CLAIMS1. An arrangement (110) comprising a first housing (120) which accommodates a moving member and which has an aperture (124) in a wall (122) thereof, a second housing (140) which accommodates a moving member and which has an aperture (144) in a wall (142) thereof, the apertures in the two housings being aligned, and a movable shaft element which passes through the aligned apertures and interconnects the moving tO members, wherein an annular member (150) is provided which engages both the apertures to restrict relative movement thereof in at least some directions.
2. An arrangement according to claim 1, wherein the annular member (150) restricts relative movement of the apertures (124, 144) in directtons perpendicular to the axes thereof.
3. An arrangement according to claim 2, wherein the annular member (150) restricts relative movement of the apertures (124, 144) in a direction parallel to the axes thereof.
4. An arrangement according to any preceding claim, wherein a second annular member is located around the shaft element radially inwardly of the first-mentioned annular member (150) , the annular members together forming a bearing for the shaft element.
5. An arrangement according to any preceding claim, wherein the shaft element is a rotary shaft element.
6. An arrangement according to claim 4 or 5, wherein the bearing is a tapered roller bearing.
7. An arrangement according to claim 4 or 5, wherein the bearing is a ball bearing.
8. An arrangement according to any preceding claim, wherein the shaft element is capable of undertaking longitudinal movements.

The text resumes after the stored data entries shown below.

(* Let $A=\{\mathbf{a}_1,\dots,\mathbf{a}_n\}\subseteq\mathbb{R}^d$ with hidden partition $\mathcal{V}=\{V_1,\dots,V_K\}$, and let $N_1:=\sum_{\alpha=1}^K\binom{n_\alpha}{2}$, $N_2:=\binom{K+1}{2}$. Let $0<\epsilon<1$, $p>1$, $\delta:=(N_1+N_2)^{-p}$, and let $\Pi\in\mathbb{R}^{m\times d}$ be drawn from a DJL distribution $\mathcal{D}_{\epsilon,\delta}$. Let $E_1$ be the event that $(1-\epsilon)\|\mathbf{a}_i-\mathbf{a}_j\|^2\le\|\Pi(\mathbf{a}_i-\mathbf{a}_j)\|^2\le(1+\epsilon)\|\mathbf{a}_i-\mathbf{a}_j\|^2$ for all $\mathbf{a}_i,\mathbf{a}_j\in V_\alpha$, $1\le\alpha\le K$, and $E_2$ the event that $(1-\epsilon)\|\mathbf{a}^{(\alpha)}-\mathbf{a}^{(\beta)}\|^2\le\|\Pi(\mathbf{a}^{(\alpha)}-\mathbf{a}^{(\beta)})\|^2\le(1+\epsilon)\|\mathbf{a}^{(\alpha)}-\mathbf{a}^{(\beta)}\|^2$ for all $1\le\alpha\ne\beta\le K$. Then $\mathbb{P}[E_2\mid E_1]\ge 1-\frac{N_2}{(N_1+N_2)^p-N_1}$. If moreover $N_2\le n/2$ and $\delta=2/n^{p+1}$ (with $\Pi$ drawn from $\mathcal{D}_{\epsilon,\delta}$ for this $\delta$), then $\mathbb{P}[E_2\mid E_1]\ge 1-\frac{1}{n^p-n+1}$.
   Context: $\|\cdot\|$ is the Euclidean norm. $I_\alpha:=\{i:\mathbf{a}_i\in V_\alpha\}$, $n_\alpha:=|I_\alpha|$, $\mathbf{a}^{(\alpha)}:=\frac{1}{n_\alpha}\sum_{i\in I_\alpha}\mathbf{a}_i$. For $\epsilon\in(0,1)$, $\delta\in(0,1)$, a DJL distribution $\mathcal{D}_{\epsilon,\delta}$ is a probability distribution over matrices $\Pi\in\mathbb{R}^{m\times d}$ such that for every $z\in\mathbb{R}^d$ with $\|z\|=1$, $\mathbb{P}_{\Pi\sim\mathcal{D}_{\epsilon,\delta}}[\,|\|\Pi z\|^2-1|>\epsilon\,]<\delta$. *)

theory Defs
  imports "HOL-Probability.Probability"
begin

text \<open>Points are indexed by i < n, the hidden partition is given by a labelling
  lab :: nat => nat with lab ` {..<n} = {..<K}; block alpha is V_alpha = {a i | i<n, lab i = alpha}.\<close>

definition blk :: "(nat \<Rightarrow> nat) \<Rightarrow> nat \<Rightarrow> nat \<Rightarrow> nat set" where
  "blk lab n \<alpha> = {i. i < n \<and> lab i = \<alpha>}"

definition centroid :: "(nat \<Rightarrow> real^'d) \<Rightarrow> (nat \<Rightarrow> nat) \<Rightarrow> nat \<Rightarrow> nat \<Rightarrow> real^'d" where
  "centroid a lab n \<alpha> = (1 / real (card (blk lab n \<alpha>))) *\<^sub>R (\<Sum>i\<in>blk lab n \<alpha>. a i)"

definition N1 :: "(nat \<Rightarrow> nat) \<Rightarrow> nat \<Rightarrow> nat \<Rightarrow> nat" where
  "N1 lab n K = (\<Sum>\<alpha><K. card (blk lab n \<alpha>) choose 2)"

definition N2 :: "nat \<Rightarrow> nat" where
  "N2 K = (K + 1) choose 2"

definition DJL :: "(real^'d^'m) measure \<Rightarrow> real \<Rightarrow> real \<Rightarrow> bool" where
  "DJL M \<epsilon> \<delta> \<longleftrightarrow> 0 < \<epsilon> \<and> \<epsilon> < 1 \<and> 0 < \<delta> \<and> \<delta> < 1 \<and>
     prob_space M \<and> sets M = sets borel \<and>
     (\<forall>z::real^'d. norm z = 1 \<longrightarrow>
        measure M {P \<in> space M. \<bar>(norm (P *v z))\<^sup>2 - 1\<bar> > \<epsilon>} < \<delta>)"

definition preserves :: "real \<Rightarrow> real^'d^'m \<Rightarrow> real^'d \<Rightarrow> bool" where
  "preserves \<epsilon> P x \<longleftrightarrow> (1 - \<epsilon>) * (norm x)\<^sup>2 \<le> (norm (P *v x))\<^sup>2 \<and>
                          (norm (P *v x))\<^sup>2 \<le> (1 + \<epsilon>) * (norm x)\<^sup>2"

definition E1 :: "(real^'d^'m) measure \<Rightarrow> real \<Rightarrow> (nat \<Rightarrow> real^'d) \<Rightarrow> (nat \<Rightarrow> nat) \<Rightarrow> nat \<Rightarrow> (real^'d^'m) set" where
  "E1 M \<epsilon> a lab n = {P \<in> space M. \<forall>i<n. \<forall>j<n. lab i = lab j \<longrightarrow> preserves \<epsilon> P (a i - a j)}"

definition E2 :: "(real^'d^'m) measure \<Rightarrow> real \<Rightarrow> (nat \<Rightarrow> real^'d) \<Rightarrow> (nat \<Rightarrow> nat) \<Rightarrow> nat \<Rightarrow> nat \<Rightarrow> (real^'d^'m) set" where
  "E2 M \<epsilon> a lab n K = {P \<in> space M. \<forall>\<alpha><K. \<forall>\<beta><K. \<alpha> \<noteq> \<beta> \<longrightarrow>
       preserves \<epsilon> P (centroid a lab n \<alpha> - centroid a lab n \<beta>)}"

definition cprob :: "'a measure \<Rightarrow> 'a set \<Rightarrow> 'a set \<Rightarrow> real" where
  "cprob M B A = measure M (A \<inter> B) / measure M A"

end

theory Submission
  imports Defs
begin

text \<open>Each of E1 and E2 asks \<Pi> to preserve the squared norms of finitely many fixed
  vectors: the differences of points in a common block (at most N1 of them up to sign) and
  the differences of centroids (at most N2). By the DJL property and the union bound, E1
  fails with probability at most N1 \<delta> and E2 with probability at most N2 \<delta>, and
  P[E2 | E1] \<ge> 1 - P[not E2] / P[E1] \<ge> 1 - N2 \<delta> / (1 - N1 \<delta>). The two claimed bounds
  are this inequality evaluated at the two choices of \<delta>; for the second one N1 is replaced
  by the count n(n-1)/2 of all pairs and N2 by n/2.\<close>

lemma preserves_0 [simp]: "preserves e P 0"
  unfolding preserves_def by simp

lemma preserves_scaleR_iff:
  assumes "c \<noteq> 0"
  shows "preserves e P (c *\<^sub>R x) \<longleftrightarrow> preserves e P x"
  using assms
  by (simp add: preserves_def matrix_vector_mult_scaleR power_mult_distrib)

lemma preserves_uminus_iff [simp]: "preserves e P (- x) \<longleftrightarrow> preserves e P x"
  using preserves_scaleR_iff[of "-1" e P x] by simp

lemma preserves_unit_iff:
  assumes "norm z = 1"
  shows "preserves e P z \<longleftrightarrow> \<bar>(norm (P *v z))\<^sup>2 - 1\<bar> \<le> e"
  using assms unfolding preserves_def by (auto simp: abs_le_iff)

lemma sets_not_preserves:
  fixes M :: "(real^'d^'m) measure"
  assumes "sets M = sets borel"
  shows "{P \<in> space M. \<not> preserves e P x} \<in> sets M"
proof -
  have "(\<lambda>P::real^'d^'m. P *v x) \<in> borel_measurable borel"
    unfolding matrix_vector_mult_def
    by (intro borel_measurable_continuous_onI continuous_intros)
  then have "(\<lambda>P. P *v x) \<in> borel_measurable M"
    using measurable_cong_sets[OF assms refl] by blast
  then show ?thesis
    unfolding preserves_def by measurable
qed

lemma DJL_prob_not_preserves_le:
  fixes M :: "(real^'d^'m) measure"
  assumes "DJL M e d"
  shows "measure M {P \<in> space M. \<not> preserves e P x} \<le> d"
proof (cases "x = 0")
  case True
  then show ?thesis
    using assms by (simp add: DJL_def)
next
  case False
  define z where "z = (1 / norm x) *\<^sub>R x"
  have "norm z = 1"
    using False by (simp add: z_def)
  moreover have "\<not> preserves e P x \<longleftrightarrow> \<bar>(norm (P *v z))\<^sup>2 - 1\<bar> > e" for P
  proof -
    have "preserves e P x \<longleftrightarrow> preserves e P z"
      using False by (simp add: z_def preserves_scaleR_iff)
    then show ?thesis
      by (simp add: preserves_unit_iff[OF \<open>norm z = 1\<close>] not_le)
  qed
  ultimately have "{P \<in> space M. \<not> preserves e P x} =
                   {P \<in> space M. \<bar>(norm (P *v z))\<^sup>2 - 1\<bar> > e}"
    by blast
  with \<open>norm z = 1\<close> assms show ?thesis
    unfolding DJL_def by auto
qed

definition preservation_event ::
    "(real^'d^'m) measure \<Rightarrow> real \<Rightarrow> 'i set \<Rightarrow> ('i \<Rightarrow> real^'d) \<Rightarrow> (real^'d^'m) set" where
  "preservation_event M e F v = {P \<in> space M. \<forall>k\<in>F. preserves e P (v k)}"

lemma
  fixes M :: "(real^'d^'m) measure"
  assumes "DJL M e d" and "finite F"
  shows sets_preservation_event: "preservation_event M e F v \<in> sets M"
    and DJL_prob_not_preservation_event_le:
      "measure M (space M - preservation_event M e F v) \<le> real (card F) * d"
proof -
  have sets: "{P \<in> space M. \<not> preserves e P (v k)} \<in> sets M" for k
    using assms(1) sets_not_preserves by (auto simp: DJL_def)
  have event: "preservation_event M e F v =
                space M - (\<Union>k\<in>F. {P \<in> space M. \<not> preserves e P (v k)})"
    by (auto simp: preservation_event_def)
  show "preservation_event M e F v \<in> sets M"
    unfolding event by (intro sets.Diff sets.top sets.finite_UN assms(2) sets)
  have compl: "space M - preservation_event M e F v =
                (\<Union>k\<in>F. {P \<in> space M. \<not> preserves e P (v k)})"
    unfolding event by auto
  have "measure M (space M - preservation_event M e F v)
          \<le> (\<Sum>k\<in>F. measure M {P \<in> space M. \<not> preserves e P (v k)})"
    unfolding compl using assms(2) sets by (intro measure_UNION_le) auto
  also have "\<dots> \<le> real (card F) * d"
    using sum_bounded_above[of F _ d] DJL_prob_not_preserves_le[OF assms(1)] by simp
  finally show "measure M (space M - preservation_event M e F v) \<le> real (card F) * d" .
qed

lemma cprob_ge_of_compl_bounds:
  assumes "prob_space M" and "A \<in> sets M" "B \<in> sets M"
    and "measure M (space M - A) \<le> c\<^sub>A" "c\<^sub>A < 1"
    and "measure M (space M - B) \<le> c\<^sub>B" "0 \<le> c\<^sub>B"
  shows "cprob M B A \<ge> 1 - c\<^sub>B / (1 - c\<^sub>A)"
proof -
  interpret prob_space M by fact
  have A_ge: "measure M A \<ge> 1 - c\<^sub>A"
    using assms prob_compl by simp
  have "measure M A \<le> measure M ((A \<inter> B) \<union> (space M - B))"
    using assms sets.sets_into_space by (intro finite_measure_mono) auto
  also have "\<dots> \<le> measure M (A \<inter> B) + measure M (space M - B)"
    using assms by (intro measure_Un_le) auto
  finally have AB_ge: "measure M (A \<inter> B) \<ge> measure M A - measure M (space M - B)"
    by simp
  have "measure M (space M - B) / measure M A \<le> c\<^sub>B / (1 - c\<^sub>A)"
    using assms A_ge by (intro frac_le) auto
  then have "1 - c\<^sub>B / (1 - c\<^sub>A) \<le> (measure M A - measure M (space M - B)) / measure M A"
    using A_ge assms by (simp add: diff_divide_distrib)
  also have "\<dots> \<le> measure M (A \<inter> B) / measure M A"
    using A_ge assms AB_ge by (intro divide_right_mono) auto
  finally show ?thesis
    unfolding cprob_def .
qed

lemma preserves_differences_iff_less_pairs:
  fixes f :: "'i::linorder \<Rightarrow> real^'d"
  assumes "\<And>i j. R i j \<Longrightarrow> R j i"
  shows "(\<forall>i\<in>A. \<forall>j\<in>A. R i j \<longrightarrow> preserves e P (f i - f j)) \<longleftrightarrow>
         (\<forall>(i, j)\<in>{(i, j) \<in> A \<times> A. i < j \<and> R i j}. preserves e P (f i - f j))"
proof -
  have "preserves e P (f i - f j)"
    if "\<forall>(i, j)\<in>{(i, j) \<in> A \<times> A. i < j \<and> R i j}. preserves e P (f i - f j)"
      and "i \<in> A" "j \<in> A" "R i j" for i j
    using that assms[of i j] preserves_uminus_iff[of e P "f j - f i"]
    by (cases i j rule: linorder_cases) auto
  then show ?thesis
    by auto
qed

lemma E1_eq_preservation_event:
  "E1 M e a lab n =
     preservation_event M e {(i, j) \<in> {..<n} \<times> {..<n}. i < j \<and> lab i = lab j} (\<lambda>(i, j). a i - a j)"
  using preserves_differences_iff_less_pairs[of "\<lambda>i j. lab i = lab j" "{..<n}" e _ a]
  unfolding E1_def preservation_event_def by (auto simp: case_prod_beta)

lemma E2_eq_preservation_event:
  "E2 M e a lab n K =
     preservation_event M e {(\<alpha>, \<beta>) \<in> {..<K} \<times> {..<K}. \<alpha> < \<beta>}
       (\<lambda>(\<alpha>, \<beta>). centroid a lab n \<alpha> - centroid a lab n \<beta>)"
  using preserves_differences_iff_less_pairs[of "(\<noteq>)" "{..<K}" e _ "centroid a lab n"]
  unfolding E2_def preservation_event_def by (auto simp: case_prod_beta)

lemma card_less_pairs:
  fixes A :: "'a::linorder set"
  assumes "finite A"
  shows "card {(i, j) \<in> A \<times> A. i < j} = card A choose 2"
proof -
  have "bij_betw (\<lambda>(i, j). {i, j}) {(i, j) \<in> A \<times> A. i < j} {B. B \<subseteq> A \<and> card B = 2}"
  proof (rule bij_betwI')
    fix x y
    assume "x \<in> {(i, j) \<in> A \<times> A. i < j}" "y \<in> {(i, j) \<in> A \<times> A. i < j}"
    then show "((\<lambda>(i, j). {i, j}) x = (\<lambda>(i, j). {i, j}) y) = (x = y)"
      by (auto simp: doubleton_eq_iff)
  next
    fix x
    assume "x \<in> {(i, j) \<in> A \<times> A. i < j}"
    then show "(\<lambda>(i, j). {i, j}) x \<in> {B. B \<subseteq> A \<and> card B = 2}"
      by auto
  next
    fix B
    assume "B \<in> {B. B \<subseteq> A \<and> card B = 2}"
    then obtain i j where "B = {i, j}" "i \<noteq> j" "i \<in> A" "j \<in> A"
      by (auto simp: card_2_iff)
    then have "(min i j, max i j) \<in> {(i, j) \<in> A \<times> A. i < j}"
      and "B = (\<lambda>(i, j). {i, j}) (min i j, max i j)"
      by (auto simp: min_def max_def)
    then show "\<exists>x\<in>{(i, j) \<in> A \<times> A. i < j}. B = (\<lambda>(i, j). {i, j}) x"
      by blast
  qed
  then show ?thesis
    using n_subsets[OF assms, of 2] by (simp add: bij_betw_same_card)
qed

9. An arrangement according to any preceding claim, wherein the annular member (150) is a force fit in one or both apertures (124, 144)
10. An arrangement according to any preceding claim wherein the annular member (150) engages an axially-extending wall surface (154) of one of the apertures (144) and both an axially-extending wall surface (152) and an axially-facing surface (130) of the other of the aperture (124)
11. An arrangement according to any preceding claim, wherein the first housing (120) has a projecting circumferential rim (132) which is received in an inset region (146) of the second housing (140).
12. A power transmission system comprising an arrangement (110) according to any preceding claim.
13. An engine housing a transmission system comprising at least first and second transmission housings (120, 140) accommodating respective moving members, the moving member(s) in the first housing being connected to the moving member(s) in the second housing by means of a rotary shaft, the shaft passing out of the first housing through a first aperture (124) and into the second housing through a second aperture (144), a rotary bearing being provided for the shaft where it passes through the apertures, the rotary bearing comprising an outer bearing ring (150) which engages both apertures.
14. An engine according to claim 13, wherein the first housing is an engine housing and the second housing is a clutch housing.
15. An engine according to claim 13, wherein the first housing is a clutch housing and the second housing is a gear or transmission housing.